For the origional and 70s A-Z, but not the A-Z leftovers,
the station put up cpountdown specific pages with play lists
in a slightly different format.
One advantage of using them is that they only include tracks from the countdown,
avoiding any need for time checking the data.
Another is that for the 70s A-Z,
they added lists by year.
Given the pain it was to search MusicBrainz for songs and
figure out the year, that's worth having.


#### 70s A-Z Page


##### Alphabetical Lists
Now that I've moved to the main playlist,
I don't know that the alphabetical lists buy much.
Getting the first letter ourselves is pretty easy.
But since older versions of the code used it,
we'll at least archive them

In [8]:
alphabet = 'ABCDEFGHIJKLMNOPQRSTUVWXYZ'

seventies_by_letter = pd.DataFrame(None, columns = ['Title', 'Artist', 'Letter'])
for letter in alphabet:
    cache_file = path.join(a2z70s_cache_dir, '%s.csv' % letter)
    if path.exists(cache_file):
        df = pd.read_csv(cache_file)
    else:
        rows = []
        page = requests.get('http://xpn.org/static/az2017.php?q=%s' % letter)
        tree = html.fromstring(page.content)
        songs = tree.xpath('//li/text()')
        for song in songs:
            rows.append(song.rsplit(' - ', 1) + [letter])
        df = pd.DataFrame(rows, columns=['Title', 'Artist', 'Letter'])
    df.to_csv(cache_file, index=False)
    seventies_by_letter = seventies_by_letter.append(df, ignore_index=True)

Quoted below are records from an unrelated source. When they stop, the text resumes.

lemma tendsto_div_power_shift:
  fixes f :: "nat \<Rightarrow> real"
  assumes "(\<lambda>n. f n / real n ^ r) \<longlonglongrightarrow> l"
  shows "(\<lambda>n. f (n + d) / real (n + e) ^ r) \<longlonglongrightarrow> l"
proof -
  have "(\<lambda>n. 1 + (real d - real e) / real (n + e)) \<longlonglongrightarrow> 1 + 0"
    using LIMSEQ_ignore_initial_segment[OF lim_const_over_n[of "real d - real e"], of e]
    by (intro tendsto_add) auto
  moreover have "\<forall>\<^sub>F n in sequentially. 1 + (real d - real e) / real (n + e) = real (n + d) / real (n + e)"
    using eventually_gt_at_top[of 0] by eventually_elim (simp add: field_simps)
  ultimately have "(\<lambda>n. real (n + d) / real (n + e)) \<longlonglongrightarrow> 1"
    by (simp add: Lim_transform_eventually)
  then have "(\<lambda>n. f (n + d) / real (n + d) ^ r * (real (n + d) / real (n + e)) ^ r) \<longlonglongrightarrow> l * 1 ^ r"
    using LIMSEQ_ignore_initial_segment[OF assms, of d] by (intro tendsto_mult tendsto_power) auto
  moreover have "\<forall>\<^sub>F n in sequentially.
      f (n + d) / real (n + d) ^ r * (real (n + d) / real (n + e)) ^ r = f (n + d) / real (n + e) ^ r"
    using eventually_gt_at_top[of 0] by eventually_elim (simp add: power_divide)
  ultimately show ?thesis
    by (simp add: Lim_transform_eventually)
qed

lemma tendsto_div_power_sandwich:
  fixes f g :: "nat \<Rightarrow> real"
  assumes "\<And>n. g (n + d) \<le> f (n + e)" "\<And>n. f (n + e) \<le> g (n + d')"
    and "(\<lambda>n. g n / real n ^ r) \<longlonglongrightarrow> l"
  shows "(\<lambda>n. f n / real n ^ r) \<longlonglongrightarrow> l"
proof -
  have "(\<lambda>n. f (n + e) / real (n + e) ^ r) \<longlonglongrightarrow> l"
    using assms(1,2)
    by (intro tendsto_sandwich[OF _ _ tendsto_div_power_shift[OF assms(3), of d e]
          tendsto_div_power_shift[OF assms(3), of d' e]] always_eventually allI divide_right_mono)
      auto
  then show ?thesis
    by (rule LIMSEQ_offset)
qed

print "got %d songs by letter" % len(seventies_by_letter)

got 4202 songs by letter


##### Lists by Year

In [9]:
years = map(str, range(1970,1980))
seventies_by_year = pd.DataFrame(None, columns = ['Title', 'Artist', 'Year'])
for year in years:
    cache_file = path.join(a2z70s_cache_dir, '%s.csv' % year)
    if path.exists(cache_file):
        df = pd.read_csv(cache_file)
    else:
        rows = []
        page = requests.get('http://xpn.org/static/az2017v2.php?q=%s' % year)
        tree = html.fromstring(page.content)
        songs = tree.xpath('//li/text()')
        for song in songs:
            rows.append(song.rsplit(' - ', 1) + [year])
        df = pd.DataFrame(rows, columns=['Title', 'Artist', 'Year'])
    df.to_csv(cache_file, index=False)
    seventies_by_year = seventies_by_year.append(df, ignore_index=True)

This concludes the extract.